Stored dataset items:

lemma Zmat_swp_eq_divided_diff:
  fixes x :: "nat \<Rightarrow> 'a::field"
  assumes "inj_on x {1..n}" "1 \<le> j" "Suc j \<le> n" "1 \<le> p" "q \<le> n"
  shows "Zmat (swp j x) p q m = (if p \<le> q
    then divided_diff (\<lambda>t. (1 - t) ^ mono_deg m) x (Transposition.transpose j (Suc j) ` {p..q}) else 0)"
proof -
  define \<tau> where "\<tau> = Transposition.transpose j (Suc j)"
  have "\<tau> ` {p..q} \<subseteq> {1..n}"
    using assms by (auto simp: \<tau>_def transpose_def)
  then have "inj_on (x \<circ> \<tau>) {p..q}"
    by (intro comp_inj_on inj_on_subset[OF assms(1)]) (simp_all add: \<tau>_def)
  then show ?thesis
    unfolding swp_eq_comp_transpose \<tau>_def[symmetric]
    by (simp add: Zmat_eq_divided_diff divided_diff_reindex \<tau>_def)
qed

lemma Zmat_swp_intertwine:
  fixes x :: "nat \<Rightarrow> 'a::field"
  assumes inj: "inj_on x {1..n}" and j: "1 \<le> j" "Suc j \<le> n" and pq: "p \<in> {1..n}" "q \<in> {1..n}"
  shows "add_col j (x (Suc j) - x j) (\<lambda>p q. Zmat (swp j x) p q m) p q =
    add_row j (x (Suc j) - x j) (\<lambda>p q. Zmat x p q m) p q"
proof -
  define \<tau> where "\<tau> = Transposition.transpose j (Suc j)"
  define D where "D = divided_diff (\<lambda>t. (1 - t) ^ mono_deg m) x"
  define \<delta> where "\<delta> = x (Suc j) - x j"
  have Z: "Zmat x p' q' m = (if p' \<le> q' then D {p'..q'} else 0)" if "1 \<le> p'" "q' \<le> n" for p' q'
    unfolding D_def using that by (intro Zmat_eq_divided_diff inj_on_subset[OF inj]) auto
  have Z': "Zmat (swp j x) p' q' m = (if p' \<le> q' then D (\<tau> ` {p'..q'}) else 0)"
    if "1 \<le> p'" "q' \<le> n" for p' q'
    unfolding D_def \<tau>_def using inj j that by (rule Zmat_swp_eq_divided_diff)
  have recurrence: "D S * \<delta> = D (S - {Suc j}) - D (S - {j})"
    if "S \<subseteq> {1..n}" "j \<in> S" "Suc j \<in> S" for S
    unfolding D_def \<delta>_def using that
    by (intro divided_diff_recurrence inj_on_subset[OF inj]) (auto intro: finite_subset)
  txt \<open>{p..q} is \<tau>-invariant unless it contains exactly one of j, j+1, i.e. unless q = j or
    p = j+1; in those two cases the recurrence supplies the correction term.\<close>
  consider (corner) "p = Suc j" "q = j" | (left) "q = j" "p \<le> j" | (right) "p = Suc j" "Suc j \<le> q"
    | (below) "q < p" "\<not> (p = Suc j \<and> q = j)" | (generic) "p \<le> q" "q \<noteq> j" "p \<noteq> Suc j"
    by linarith
  then have "add_col j \<delta> (\<lambda>p q. Zmat (swp j x) p q m) p q = add_row j \<delta> (\<lambda>p q. Zmat x p q m) p q"
  proof cases
    case corner
    then show ?thesis
      using j by (simp add: add_col_def add_row_def Z Z' \<tau>_def)
  next
    case left
    define S where "S = {p..Suc j}"
    have "{p..j} = S - {Suc j}" "\<tau> ` {p..j} = S - {j}" "\<tau> ` S = S"
      using left by (auto simp: S_def \<tau>_def in_transpose_image_iff transpose_def)
    then show ?thesis
      using left j pq recurrence[of S] by (simp add: add_col_def add_row_def Z Z' S_def algebra_simps)
  next
    case right
    define S where "S = {j..q}"
    have "{Suc j..q} = S - {j}" "\<tau> ` {Suc j..q} = S - {Suc j}"
      using right by (auto simp: S_def \<tau>_def in_transpose_image_iff transpose_def)
    then show ?thesis
      using right j pq recurrence[of S] by (simp add: add_col_def add_row_def Z Z' S_def algebra_simps)
  next
    case below
    then show ?thesis
      using j pq by (auto simp: add_col_def add_row_def Z Z')
  next
    case generic
    then have "\<tau> ` {p..q} = {p..q}"
      unfolding \<tau>_def by (intro transpose_image_eq) auto
    then show ?thesis
      using generic pq by (simp add: add_col_def add_row_def Z Z')
  qed
  then show ?thesis
    unfolding \<delta>_def .
qed

lemma Amat_swp_intertwine:
  "add_col j (x (Suc j) - x j) (Amat (swp j x)) = add_row j (x (Suc j) - x j) (Amat x)"
  by (auto simp: fun_eq_iff add_col_def add_row_def Amat_def swp_def algebra_simps)

lemma Pmat_swp:
  fixes x :: "nat \<Rightarrow> 'a::field"
  assumes "1 \<le> j"
  shows "Pmat (swp j x) = add_row j (x (Suc j) - x j) (Pmat x)"
proof (intro ext)
  fix p q
  consider (before) "p \<le> j" | (at) "p = Suc j" | (after) "Suc j < p"
    by linarith
  then show "Pmat (swp j x) p q = add_row j (x (Suc j) - x j) (Pmat x) p q"
  proof cases
    case before
    then have "esym k (swp j x) (p - 1) = esym k x (p - 1)" for k
      by (intro esym_cong) (auto simp: swp_def)
    with before show ?thesis
      by (simp add: Pmat_def add_row_def)
  next
    case after
    then have "Transposition.transpose j (Suc j) permutes {1..p - 1}"
      using assms by (intro permutes_swap_id) auto
    then have "esym k (swp j x) (p - 1) = esym k x (p - 1)" for k
      by (simp add: swp_eq_comp_transpose esym_permute)
    with after show ?thesis
      by (simp add: Pmat_def add_row_def)
  next
    case at
    obtain r where r: "j = Suc r"
      using assms by (cases j) auto
    have agree: "esym k (swp (Suc r) x) r = esym k x r" for k
      by (intro esym_cong) (auto simp: swp_def r)
    consider (le) "q \<le> j" | (eq) "q = Suc j" | (gt) "Suc j < q"
      by linarith
    then show ?thesis
    proof cases
      case le
      then obtain k where k: "Suc j - q = Suc k" "j - q = k"
        by (simp add: Suc_diff_le)
      have "Pmat (swp j x) p q = esym (Suc k) x r + x (Suc j) * esym k x r"
        using at le k by (simp add: Pmat_def r esym_Suc agree) (simp add: swp_def r)
      also have "\<dots> = (esym (Suc k) x r + x j * esym k x r) + (x (Suc j) - x j) * esym k x r"
        by (simp add: algebra_simps)
      also have "\<dots> = add_row j (x (Suc j) - x j) (Pmat x) p q"
        using at le k by (simp add: Pmat_def add_row_def r esym_Suc)
      finally show ?thesis .
    qed (use at in \<open>simp_all add: Pmat_def add_row_def\<close>)
  qed
qed

theorem corollary5p3:
  fixes x :: "nat \<Rightarrow> 'a::field" and n i j :: nat
  assumes "n \<ge> 2"
    and "\<forall>p\<in>{1..n}. \<forall>q\<in>{1..n}. p \<noteq> q \<longrightarrow> x p \<noteq> x q"
    and "(\<Prod>p=1..n. x p) = 1"
    and "1 \<le> i" and "i \<le> n" and "1 \<le> j" and "j \<le> n - 1"
  shows "tau n (swp j x) i = tau n x i \<and> sigma n (swp j x) i = sigma n x i"
proof -
  define \<delta> where "\<delta> = x (Suc j) - x j"
  have j: "1 \<le> j" "Suc j \<le> n"
    using assms by auto
  have inj: "inj_on x {1..n}"
    using assms(2) by (auto intro: inj_onI)
  have P: "Pmat (swp j x) = add_row j \<delta> (Pmat x)"
    unfolding \<delta>_def using j(1) by (rule Pmat_swp)
  have AP: "scal_mat n (Amat (swp j x)) (Pmat (swp j x)) = add_row j \<delta> (scal_mat n (Amat x) (Pmat x))"
    unfolding P \<delta>_def by (intro ext scal_mat_intertwine[OF j]) (simp add: Amat_swp_intertwine)
  have ZB: "ps_mat_scal n (Zmat (swp j x)) (add_row j \<delta> B) p q m =
      add_row j \<delta> (\<lambda>p q. ps_mat_scal n (Zmat x) B p q m) p q" if "p \<in> {1..n}" for B p q m
    unfolding ps_mat_scal_eq_scal_mat \<delta>_def
    using that by (intro scal_mat_intertwine[OF j] Zmat_swp_intertwine[OF inj j]) auto
  have "ps_det i (ps_mat_scal n (Zmat (swp j x)) (add_row j \<delta> B)) = ps_det i (ps_mat_scal n (Zmat x) B)" for B
    by (rule ps_det_add_row[OF j(1)], rule ZB) (use assms(5) in auto)
  then show ?thesis
    unfolding tau_def sigma_def AP unfolding P by simp
qed

end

• **PROMPT**:
A word-for-word copy of the lines above from the one with "q = esym (Suc" through the one with "finally show ?thesis .", inclusive, is the only output wanted.

• **RESULT**:
      have "Pmat (swp j x) p q = esym (Suc k) x r + x (Suc j) * esym k x r"
        using at le k by (simp add: Pmat_def r esym_Suc agree) (simp add: swp_def r)
      also have "\<dots> = (esym (Suc k) x r + x j * esym k x r) + (x (Suc j) - x j) * esym k x r"
        by (simp add: algebra_simps)
      also have "\<dots> = add_row j (x (Suc j) - x j) (Pmat x) p q"
        using at le k by (simp add: Pmat_def add_row_def r esym_Suc)
      finally show ?thesis .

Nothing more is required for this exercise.